The MoCA combines multiple cognitive domains into a single composite score whereas ET measures reflect processes that may be sensitive to subtle inefficiencies in cognitive control. This pattern provides a clinical explanation for the complementary performance observed between ET and MoCA in the global composite analysis. While the improvement of the RF-ET + MoCA model over the standalone MoCA is modest in some domains, the confusion matrices showed that for the global composite, the integrated model enhances sensitivity relative to MoCA alone while improving specificity relative to the RF-ET model, integrating the strengths of both methods. Compared with the MoCA literature summarized by Islam et al. [11], the integrated RF-ET + MoCA model achieved sensitivity within the upper range reported for MCI populations, while maintaining moderate specificity, despite being applied to a more heterogeneous PCC cohort characterized by subtle cognitive impairment. This sensitivity in PCC supports the added value of multimodal integration for screening-level cognitive assessment. From a practical perspective, this performance improvement comes with minimal additional burden. ET tasks are brief, objective, and non-invasive, while the MoCA remains a widely accepted screening instrument with modest administration time. The combined approach offers a balance between diagnostic accuracy and clinical efficiency. Concretely, these results suggest that such a tool could potentially serve as a first-line screening filter in clinical settings. This approach may help identify patients who require more comprehensive neuropsychological evaluation but might otherwise be missed by the MoCA alone.
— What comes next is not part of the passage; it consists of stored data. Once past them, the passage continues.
lemma convex_on_pts_extension:
  fixes g :: "nat \<Rightarrow> real"
  assumes fin: "finite G" and conv: "convex_on_pts G g"
  shows "\<exists>h. convex_on_pts UNIV h \<and> (\<forall>x\<in>G. h x = g x)"
proof (cases "\<exists>a\<in>G. \<exists>b\<in>G. a < b")
  case False
  define x0 where "x0 = (SOME x. x \<in> G)"
  have "x0 = c" if "c \<in> G" for c
  proof -
    have "x0 \<in> G" unfolding x0_def using that by (rule someI)
    then show ?thesis using False that nat_neq_iff by blast
  qed
  moreover have "convex_on_pts UNIV (\<lambda>_. g x0)" unfolding convex_on_pts_def by simp
  ultimately show ?thesis by (intro exI[of _ "\<lambda>_. g x0"]) simp
next
  case True
  define P where "P = {(a, b). a \<in> G \<and> b \<in> G \<and> a < b \<and> (\<forall>d\<in>G. \<not> (a < d \<and> d < b))}"
  have "finite P" unfolding P_def by (rule finite_subset[of _ "G \<times> G"]) (use fin in auto)
  have succ: "\<exists>b. (c, b) \<in> P" if "c \<in> G" "d \<in> G" "c < d" for c d
    using obtain_next_in[OF fin that(2,3)] that(1) unfolding P_def by blast
  have pred: "\<exists>a. (a, c) \<in> P" if "c \<in> G" "d \<in> G" "d < c" for c d
    using obtain_prev_in[OF fin that(2,3)] that(1) unfolding P_def by blast
  have "P \<noteq> {}" using True succ by blast
  define h where "h x = Max ((\<lambda>(a, b). chord_line g a b x) ` P)" for x
  have h_ge: "chord_line g a b x \<le> h x" if "(a, b) \<in> P" for a b x
    unfolding h_def using \<open>finite P\<close> that by (intro Max_ge) force+
  have h_attained: "\<exists>(a, b)\<in>P. h x = chord_line g a b x" for x
  proof -
    have "h x \<in> (\<lambda>(a, b). chord_line g a b x) ` P"
      unfolding h_def using \<open>finite P\<close> \<open>P \<noteq> {}\<close> by (intro Max_in) auto
    then show ?thesis by auto
  qed
  have "convex_on_pts UNIV h"
  proof (rule convex_on_pts_if_supporting_lines)
    fix y
    obtain a b where "(a, b) \<in> P" "h y = chord_line g a b y" using h_attained by blast
    then show "\<exists>\<alpha> \<beta>. h y = \<alpha> + \<beta> * real y \<and> (\<forall>x. \<alpha> + \<beta> * real x \<le> h x)"
      using h_ge unfolding chord_line_def
      by (intro exI[of _ "g a - slope g a b * real a"] exI[of _ "slope g a b"]) (fastforce simp: algebra_simps)
  qed
  moreover have "h c = g c" if c: "c \<in> G" for c
  proof (rule antisym)
    obtain a b where ab: "(a, b) \<in> P" "h c = chord_line g a b c" using h_attained by blast
    then have "a \<in> G" "b \<in> G" "a < b" "\<not> (a < c \<and> c < b)" using c unfolding P_def by auto
    then show "h c \<le> g c" using chord_line_le_outside[OF conv _ _ c] ab(2) by simp
    show "g c \<le> h c"
    proof (cases "\<exists>d\<in>G. c < d")
      case True
      then obtain b where "(c, b) \<in> P" using succ[OF c] by blast
      then show ?thesis using h_ge[of c b c] by simp
    next
      case False
      then obtain d where "d \<in> G" "d < c" using True c by (metis linorder_neqE_nat)
      then obtain a where "(a, c) \<in> P" using pred[OF c] by blast
      moreover from this have "a < c" unfolding P_def by blast
      ultimately show ?thesis using h_ge[of a c c] by simp
    qed
  qed
  ultimately show ?thesis by blast
qed

section \<open>Dyadic split points\<close>

definition dyadic_mid :: "nat \<Rightarrow> nat \<Rightarrow> nat" where
  "dyadic_mid t m = m div 2 ^ Suc t * 2 ^ Suc t + 2 ^ t"

lemma dyadic_mid_separates:
  fixes i k :: nat
  assumes "i < k" "i div 2 ^ Suc L = k div 2 ^ Suc L"
  shows "\<exists>t\<le>L. i < dyadic_mid t i \<and> dyadic_mid t i \<le> k \<and>
           (\<forall>l\<in>{i..k}. dyadic_mid t l = dyadic_mid t i)"
proof -
  define t where "t = (LEAST t. i div 2 ^ Suc t = k div 2 ^ Suc t)"
  have same: "i div 2 ^ Suc t = k div 2 ^ Suc t" unfolding t_def using assms(2) by (rule LeastI)
  have "t \<le> L" unfolding t_def using assms(2) by (rule Least_le)
  have differ: "i div 2 ^ t \<noteq> k div 2 ^ t"
  proof (cases t)
    case (Suc t')
    have "t' < t" using Suc by simp
    then have "i div 2 ^ Suc t' \<noteq> k div 2 ^ Suc t'" unfolding t_def by (rule not_less_Least)
    then show ?thesis using Suc by simp
  qed (use assms in simp)
  define D where "D = i div 2 ^ Suc t"
  have "i div 2 ^ t \<le> k div 2 ^ t" using assms(1) by (simp add: div_le_mono)
  moreover have "i div 2 ^ t div 2 = D" "k div 2 ^ t div 2 = D"
    using same unfolding D_def by (simp_all only: div_mult2_eq power_Suc2)
  ultimately have "i div 2 ^ t = 2 * D" "k div 2 ^ t = 2 * D + 1" using differ by linarith+
  moreover have "i < (i div 2 ^ t + 1) * 2 ^ t" using dividend_less_div_times[of "2 ^ t" i] by simp
  moreover have "k div 2 ^ t * 2 ^ t \<le> k" by simp
  ultimately have "i < D * 2 ^ Suc t + 2 ^ t" "D * 2 ^ Suc t + 2 ^ t \<le> k"
    by (simp_all add: algebra_simps)
  moreover have mid: "dyadic_mid t i = D * 2 ^ Suc t + 2 ^ t" unfolding dyadic_mid_def D_def ..
  moreover have "dyadic_mid t l = dyadic_mid t i" if "i \<le> l" "l \<le> k" for l
  proof -
    have "l div 2 ^ Suc t = D"
      using div_le_mono[OF that(1), of "2 ^ Suc t"] div_le_mono[OF that(2), of "2 ^ Suc t"] same
      unfolding D_def by linarith
    then show ?thesis unfolding dyadic_mid_def D_def by simp
  qed
  ultimately show ?thesis using \<open>t \<le> L\<close> by (metis atLeastAtMost_iff)
qed

lemma shift_into_dyadic_block:
  fixes i k :: nat
  assumes "i < k" "k < i + 2 ^ L"
  shows "\<exists>s\<in>{0, 2 ^ L}. (i + s) div 2 ^ Suc L = (k + s) div 2 ^ Suc L"
proof (cases "i div 2 ^ Suc L = k div 2 ^ Suc L")
  case False
  define K where "K = (2::nat) ^ Suc L"
  define q where "q = k div K"
  have "K > 0" unfolding K_def by simp
  have "i div K \<le> q" unfolding q_def using assms by (simp add: div_le_mono)
  with False have "i div K < q" unfolding q_def K_def by simp
  then have "i < q * K" using div_less_iff_less_mult[OF \<open>K > 0\<close>] by simp
  moreover have "q * K \<le> k" unfolding q_def by simp
  moreover have "K = 2 * 2 ^ L" unfolding K_def by simp
  ultimately have "(i + 2 ^ L) div K = q" "(k + 2 ^ L) div K = q"
    using assms(2) by (intro div_nat_eqI; simp add: algebra_simps)+
  then show ?thesis unfolding K_def by auto
qed auto

definition split_point :: "nat \<Rightarrow> nat \<Rightarrow> nat \<Rightarrow> nat" where
  "split_point s t i = dyadic_mid t (i + s) - s"

lemma split_point_separates:
  fixes i k :: nat
  assumes "i < k" "k < i + 2 ^ L"
  shows "\<exists>s\<in>{0, 2 ^ L}. \<exists>t\<le>L. i < split_point s t i \<and> split_point s t i \<le> k \<and>
           (\<forall>l\<in>{i..k}. split_point s t l = split_point s t i)"
proof -
  obtain s where s: "s \<in> {0, 2 ^ L}" "(i + s) div 2 ^ Suc L = (k + s) div 2 ^ Suc L"
    using shift_into_dyadic_block[OF assms] by blast
  obtain t where t: "t \<le> L" "i + s < dyadic_mid t (i + s)" "dyadic_mid t (i + s) \<le> k + s"
    and const: "\<forall>l\<in>{i + s..k + s}. dyadic_mid t l = dyadic_mid t (i + s)"
    using dyadic_mid_separates[OF add_strict_right_mono[OF assms(1)] s(2)] by blast
  show ?thesis
  proof (intro bexI[of _ s] exI[of _ t] conjI ballI)
    show "i < split_point s t i" "split_point s t i \<le> k"
      using t(2,3) unfolding split_point_def by linarith+
    fix l assume "l \<in> {i..k}"
    then have "dyadic_mid t (l + s) = dyadic_mid t (i + s)" by (intro const[rule_format]) simp
    then show "split_point s t l = split_point s t i" unfolding split_point_def by simp
  qed (use s(1) t(1) in auto)
qed

section \<open>Windows of ranks\<close>

definition rank_in :: "nat set \<Rightarrow> nat \<Rightarrow> nat" where
  "rank_in B x = card {y\<in>B. y < x}"

lemma rank_in_less: "finite B \<Longrightarrow> x \<in> B \<Longrightarrow> x < y \<Longrightarrow> rank_in B x < rank_in B y"
  unfolding rank_in_def by (rule psubset_card_mono) auto

lemma rank_in_less_iff: "finite B \<Longrightarrow> x \<in> B \<Longrightarrow> y \<in> B \<Longrightarrow> rank_in B x < rank_in B y \<longleftrightarrow> x < y"
  by (metis less_asym nat_neq_iff rank_in_less)

lemma rank_in_le_iff: "finite B \<Longrightarrow> x \<in> B \<Longrightarrow> y \<in> B \<Longrightarrow> rank_in B x \<le> rank_in B y \<longleftrightarrow> x \<le> y"
  by (meson not_less rank_in_less_iff)

lemma bij_betw_rank_in:
  assumes "finite B" shows "bij_betw (rank_in B) B {..<card B}"
proof -
  have "inj_on (rank_in B) B" unfolding inj_on_def by (metis assms nat_neq_iff rank_in_less)
  moreover have "rank_in B ` B \<subseteq> {..<card B}"
    unfolding rank_in_def using assms by (auto intro!: psubset_card_mono)
  ultimately show ?thesis unfolding bij_betw_def
    by (metis card_image card_lessThan card_subset_eq finite_lessThan)
qed

lemma rank_in_diff:
  assumes "finite B" "a \<in> B" "c \<in> B" "a < c"
  shows "rank_in B c = rank_in B a + 1 + card {y\<in>B. a < y \<and> y < c}"
proof -
  have "{y\<in>B. y < c} = {y\<in>B. y < a} \<union> (insert a {y\<in>B. a < y \<and> y < c})" using assms by auto
  moreover have "card ({y\<in>B. y < a} \<union> (insert a {y\<in>B. a < y \<and> y < c})) =
      card {y\<in>B. y < a} + card (insert a {y\<in>B. a < y \<and> y < c})"
    using assms by (intro card_Un_disjoint) auto
  ultimately show ?thesis unfolding rank_in_def using assms by simp
qed

definition rank_window :: "nat \<Rightarrow> nat \<Rightarrow> nat set" where
  "rank_window L i = insert i ((\<lambda>(s, t, e). split_point s t i - e) ` ({0, 2 ^ L} \<times> {..L} \<times> {0, 1}))"

lemma card_rank_window: "card (rank_window L i) \<le> 4 * L + 5"
proof -
  define P where "P = ({0::nat, 2 ^ L} \<times> {..L} \<times> {0::nat, 1})"
  have "card P \<le> 2 * (Suc L * 2)"
    unfolding P_def card_cartesian_product by (intro mult_mono) (auto simp: card_insert_if)
  moreover have "card (rank_window L i) \<le> card ((\<lambda>(s, t, e). split_point s t i - e) ` P) + 1"
    unfolding rank_window_def P_def by (simp add: card_insert_if)
  moreover have "card ((\<lambda>(s, t, e). split_point s t i - e) ` P) \<le> card P"
    by (rule card_image_le) (simp add: P_def)
  ultimately have "card (rank_window L i) \<le> 2 * (Suc L * 2) + 1" by linarith
  then show ?thesis by simp
qed

definition window :: "nat set \<Rightarrow> nat \<Rightarrow> nat \<Rightarrow> nat set" where
  "window B L x = {y\<in>B. rank_in B y \<in> rank_window L (rank_in B x)}"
Several limitations should be considered. First, this study cross-sectional design offers only a snapshot of the relationships between cognitive performance and eye movements. As a result, these findings cannot show how cognitive symptoms evolve or recover over time, nor can they establish the prognostic value of ET measures for future cognitive outcomes Second, the MoCA performance is known to be influenced by demographic factors such as age and education introducing variability that may affect classification outcomes. Third, although ET provides distinct advantages, it exhibited lower specificity compared to multimodal approaches. Fourth, overall classification performance should be interpreted as moderate rather than definitive. Although the integrated ET and MoCA model improved discrimination relative to either modality alone, classification accuracy remains constrained by the subtle and heterogeneous nature of cognitive alterations in PCC. This heterogeneity may also be related to the frequent coexistence of fatigue, anxiety, and depression in PCC, conditions known to alter gaze behavior [54]. Consequently, some ET-derived alterations identified by the models may capture broader affective-attentional processes rather than purely cognitive impairment.
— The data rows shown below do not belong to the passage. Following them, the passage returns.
lemma weighted_SUP_frontier_le:
  fixes K L :: "(real^'n) set"
  assumes K: "compact K" "\<And>x. x \<in> K \<Longrightarrow> x $ k \<le> hi - r"
    and r: "0 < r" and lo: "lo < hi" and L: "L \<subseteq> {x. x $ k = lo}"
    and R: "frontier K - L \<noteq> {}"
    and bx: "continuous_on K bx" "\<And>x. x \<in> K \<Longrightarrow> bx x > 0"
  shows "(SUP x\<in>frontier K. (1 / (hi - x $ k) - 1 / (hi - lo)) * bx x)
           \<le> 1 / r * (SUP x\<in>frontier K - L. bx x)"
proof -
  have frK: "frontier K \<subseteq> K" using K(1) by (simp add: compact_imp_closed frontier_subset_closed)
  have "bdd_above (bx ` K)"
    using compact_continuous_image[OF bx(1) K(1)] by (simp add: bounded_imp_bdd_above compact_imp_bounded)
  moreover have "bx ` (frontier K - L) \<subseteq> bx ` K" using frK by blast
  ultimately have bdd: "bdd_above (bx ` (frontier K - L))" by (rule bdd_above_mono)
  have supR: "bx x \<le> (SUP x\<in>frontier K - L. bx x)" if "x \<in> frontier K - L" for x
    using cSUP_upper[OF that bdd] .
  obtain y where y: "y \<in> frontier K - L" using R by blast
  then have sup_pos: "0 < (SUP x\<in>frontier K - L. bx x)" using supR[OF y] bx(2) frK by force
  show ?thesis
  proof (rule cSUP_least)
    show "frontier K \<noteq> {}" using y by blast
    fix x assume x: "x \<in> frontier K"
    then have xK: "x \<in> K" using frK by blast
    show "(1 / (hi - x $ k) - 1 / (hi - lo)) * bx x \<le> 1 / r * (SUP x\<in>frontier K - L. bx x)"
    proof (cases "x \<in> L")
      case True
      then show ?thesis using L sup_pos r by auto
    next
      case False
      have "1 / (hi - x $ k) \<le> 1 / r" using K(2)[OF xK] r by (simp add: frac_le)
      moreover have "0 < 1 / (hi - lo)" using lo by simp
      ultimately have "1 / (hi - x $ k) - 1 / (hi - lo) \<le> 1 / r" by linarith
      then have "(1 / (hi - x $ k) - 1 / (hi - lo)) * bx x \<le> 1 / r * bx x"
        using bx(2)[OF xK] by (intro mult_right_mono) auto
      also have "\<dots> \<le> 1 / r * (SUP x\<in>frontier K - L. bx x)"
        using supR x False r by (intro mult_left_mono) auto
      finally show ?thesis .
    qed
  qed
qed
Finally, several methodological factors may limit generalizability and may introduce bias. The relatively small sample size and class imbalance may affect the performance estimates, particularly for outcomes with low prevalence of cognitive alteration. Class imbalance can influence model performance by biasing the classifier toward the majority class. To partially mitigate this, class imbalance was addressed during model training by including class weighting in the Random Forest hyperparameter search (see Table S3). When applied, class weighting increased the relative contribution of the underrepresented class, helping preserve sensitivity to minority cases. In addition, the transformation of continuous neuropsychological measures into binary labels may reduce information and introduce bias, especially near the selected threshold where small variations may result in different class assignments despite similar cognitive performance. To mitigate these issues, labels were derived from demographically adjusted z-scores and the composite outcomes across multiple domains.
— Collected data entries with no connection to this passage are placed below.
lemma fib_period_prime:
  assumes p: "prime p" "p \<noteq> 5" and H: "fib_like H" and cover: "covers_residues H (int p)"
  shows "\<exists>N. fib_period (int p) N \<and> \<not> 5 dvd N"
proof (cases "p = 2")
  case True
  have "fib_period 2 3" by (rule fib_periodI) (simp_all add: cong_def eval_nat_numeral)
  with True show ?thesis by (intro exI[of _ 3]) simp
next
  case False
  then have p2: "p > 2" using prime_ge_2_nat[OF p(1)] by simp
  have "\<not> p dvd 5" using p prime_five(1) primes_dvd_imp_eq by blast
  then have "\<not> [5 = 0] (mod int p)" using int_dvd_int_iff[of p 5] by (simp add: cong_0_iff)
  then consider "Legendre 5 (int p) = 1" | "Legendre 5 (int p) = -1"
    by (cases "QuadRes (int p) 5") (simp_all add: Legendre_def)
  then show ?thesis
  proof cases
    case 1
    have "\<not> covers_residues H (int p)"
      using fib_period_Legendre_5_pos[OF p(1) p2 1] p2 fib_period_not_covers[OF _ _ _ H] by simp
    with cover show ?thesis by blast
  next
    case 2
    have "\<not> 5 dvd 2 * Suc p" using Legendre_5_neg_imp_not_dvd_Suc[OF p(1) p2 2] by presburger
    with fib_period_Legendre_5_neg[OF p(1) p2 2] show ?thesis by blast
  qed
qed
Future longitudinal data will be required to determine whether ET-based markers are sensitive to change over time and whether they can accurately capture individual recovery trajectories and progression in the PCC population. Future studies with larger and more balanced cohorts will be necessary to further validate the robustness of ET-based classification and to refine decision thresholds across cognitive domains. Lastly, testing more cognitively demanding ET tasks may further increase the discriminative power of these models.

5. Conclusions

Cognitive impairment in PCC is often subjective, fluctuating, and varied across patients, making screening challenging. This study found that ET features provided process-level information that was useful when classifying global cognitive status, performance on individual tests or specific cognitive domains. While ET alone as an input to classification models showed lower discriminative performance than the established MoCA, combining both approaches into a RF model significantly improved the altered participant detection. This demonstrates that behavioral measures (ET) and performance-based tests (MoCA) complement each other effectively. This combined approach remained practical and interpretable for clinical use, supporting its potential as a scalable screening tool for cognitive impairment detection in PCC.

Supplementary Materials

The following supporting information can be downloaded at: https://www.mdpi.com/article/10.3390/jemr19030057/s1. Figure S1: Precision–Recall (PR) curves for the global cognitive composite classification models; Figure S2: Comparative performance metrics for the global cognitive composite classification models; Table S1: Metrics used for the characterization of fixation, smooth pursuit and pupil response; Table S2: Hyperparameter tunning of the regression modelling; Table S3: Optimal hyperparameters for each model and neuropsychological outcome.

Author Contributions

Conceptualization, M.A. (Mar Ariza), M.A. (Mikel Aldaba), M.G. and M.V.; methodology, J.G., V.V.-N., C.M., N.C., B.D. and O.G.; software, J.G.; formal analysis, J.G.; investigation, J.G.; resources, M.A. (Mikel Aldaba), M.V. and M.G.; data curation, J.G.; writing and original draft preparation, J.G.; review and editing, M.A. (Mar Ariza), C.M., V.V.-N., M.A. (Mikel Aldaba), M.G. and M.V.; visualization, J.G.; supervision, C.M., M.A. (Mikel Aldaba) and M.V.; project administration, M.A. (Mikel Aldaba), M.G., R.P.C.G. and M.V.; funding acquisition, M.A. (Mikel Aldaba), M.G., R.P.C.G. and M.V. All authors have read and agreed to the published version of the manuscript.

Funding

Grant PID2023-146101OB-I00 funded by MICIU/AEI/10.13039/501100011033 and by ERDF, EU.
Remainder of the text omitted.